2. Change Perspective
Sometimes a little bit of humility is all you need to inspire a lot of change. Instead of trying to explain, over and over again, why you’re right, actually listen to your spouse and try to see it from their point of view.
Their argument may not make sense to you, but when you match it up with their situations and struggles, it can lessen the confusion quite a bit. No one is saying that you’re wrong, but if you just happen to be, the best thing to do is admit it, which ties into the next strategy.
3. Stop Pointing Fingers
As long as you keep playing the blame game with your spouse, things are never going to get better. More often than not, the problem is both of your faults. Blame is usually motivated by guilt, frustration, or denial. It can dangerous, because a little bit of bitterness can easily turn into hatred- yes, hatred.
Of course you still love your spouse- hopefully-, but you no longer have the patience and love to forgive them, accept part of the blame, and move on. Blame is only a roadblock on the road to resolution.

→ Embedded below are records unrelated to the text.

lemma fract_op_eqI:
  assumes b: "b \<noteq> 0" and u: "poly_op b u = poly_op a v"
  shows "fract_op v (Fract a b) = u"
proof -
  have "\<exists>u a' b'. b' \<noteq> 0 \<and> Fract a b = Fract a' b' \<and> poly_op b' u = poly_op a' v"
    using b u by blast
  from someI_ex[OF this] obtain a' b' where ab: "b' \<noteq> 0" "Fract a b = Fract a' b'"
    and u': "poly_op b' (fract_op v (Fract a b)) = poly_op a' v"
    unfolding fract_op_def by blast
  have eq: "a * b' = a' * b"
    using ab b eq_fract(1) by blast
  have "poly_op (b * b') (fract_op v (Fract a b)) = poly_op (a' * b) v"
    using u' by (simp add: poly_op_mult poly_op_commute[of b])
  also have "\<dots> = poly_op b' (poly_op a v)"
    by (metis eq mult.commute poly_op_mult)
  also have "\<dots> = poly_op (b * b') u"
    by (simp add: u[symmetric] poly_op_mult poly_op_commute[of b])
  finally show ?thesis
    using bij_poly_op[of "b * b'"] ab b by (simp add: bij_def inj_eq)
qed

lemma poly_op_fract_op:
  assumes "b \<noteq> 0"
  shows "poly_op b (fract_op v (Fract a b)) = poly_op a v"
proof -
  obtain u where "poly_op b u = poly_op a v"
    using bij_poly_op[OF assms] by (metis bij_pointE)
  with fract_op_eqI[OF assms this] show ?thesis
    by simp
qed

lemma fract_op_1: "fract_op v 1 = v"
  unfolding One_fract_def by (rule fract_op_eqI) (simp_all add: poly_op_1)

lemma fract_op_add: "fract_op v (q + r) = fract_op v q + fract_op v r"
proof -
  obtain a b where q: "q = Fract a b" "b \<noteq> 0" by (cases q)
  obtain c d where r: "r = Fract c d" "d \<noteq> 0" by (cases r)
  have "poly_op (b * d) (fract_op v q + fract_op v r)
      = poly_op d (poly_op b (fract_op v q)) + poly_op b (poly_op d (fract_op v r))"
    by (simp add: poly_op_add_right poly_op_mult mult.commute[of b d] poly_op_commute[of d])
  also have "\<dots> = poly_op (d * a + b * c) v"
    using q r by (simp add: poly_op_fract_op poly_op_add poly_op_mult)
  also have "d * a + b * c = a * d + c * b"
    by (simp add: mult.commute)
  finally show ?thesis
    using q r by (simp add: fract_op_eqI)
qed

lemma fract_op_poly_mult: "fract_op v (Fract p 1 * q) = poly_op p (fract_op v q)"
proof -
  obtain a b where q: "q = Fract a b" "b \<noteq> 0" by (cases q)
  then have "poly_op b (poly_op p (fract_op v q)) = poly_op (p * a) v"
    by (simp add: poly_op_commute[of b] poly_op_fract_op poly_op_mult)
  then show ?thesis
    using q by (simp add: fract_op_eqI)
qed

end

locale field_embedding =
  fixes \<phi> :: "'k::field \<Rightarrow> 'l::field"
  assumes hom_add: "\<phi> (a + b) = \<phi> a + \<phi> b"
    and hom_mult: "\<phi> (a * b) = \<phi> a * \<phi> b"
    and hom_one: "\<phi> 1 = 1"
begin

sublocale ext: vector_space "ext_scale \<phi>"
  by unfold_locales (simp_all add: ext_scale_def hom_add hom_mult hom_one algebra_simps)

4. Focus on the Solution- Not the Problem
The negative effects of conflict are far-reaching, and when that conflict is handled negatively, the impact that can have is immeasurable. It impacts not only the husband and wife, but also the entire family. In fact, a psychological study showed that negative marital conflict management directly encouraged behavioral problems in children.
Hebrews 11:1 says, “Now faith is the assurance of things hoped for, the conviction of things not seen.” You may not see it now, but there will be an end to the mess and the heartbreak- you just have to be willing to go outside of your comfort zone to get there.
Things aren’t going to magically fix themselves when you pass the days fighting instead of working together. Next time you catch yourself saying something negative, stop and pray instead.
Handling conflict maturely and effectively is by no means an easy undertaking. But if we’re willing to push through it, God will give us the strength and wisdom to see the argument to its end.
All the things that matter so much to us, and all the things we will turn against our loved ones for, are nothing compared to the plan God has for our lives. When we give Him all control, He will make our paths clear.
What are some common problems you see with the way couples handle conflict?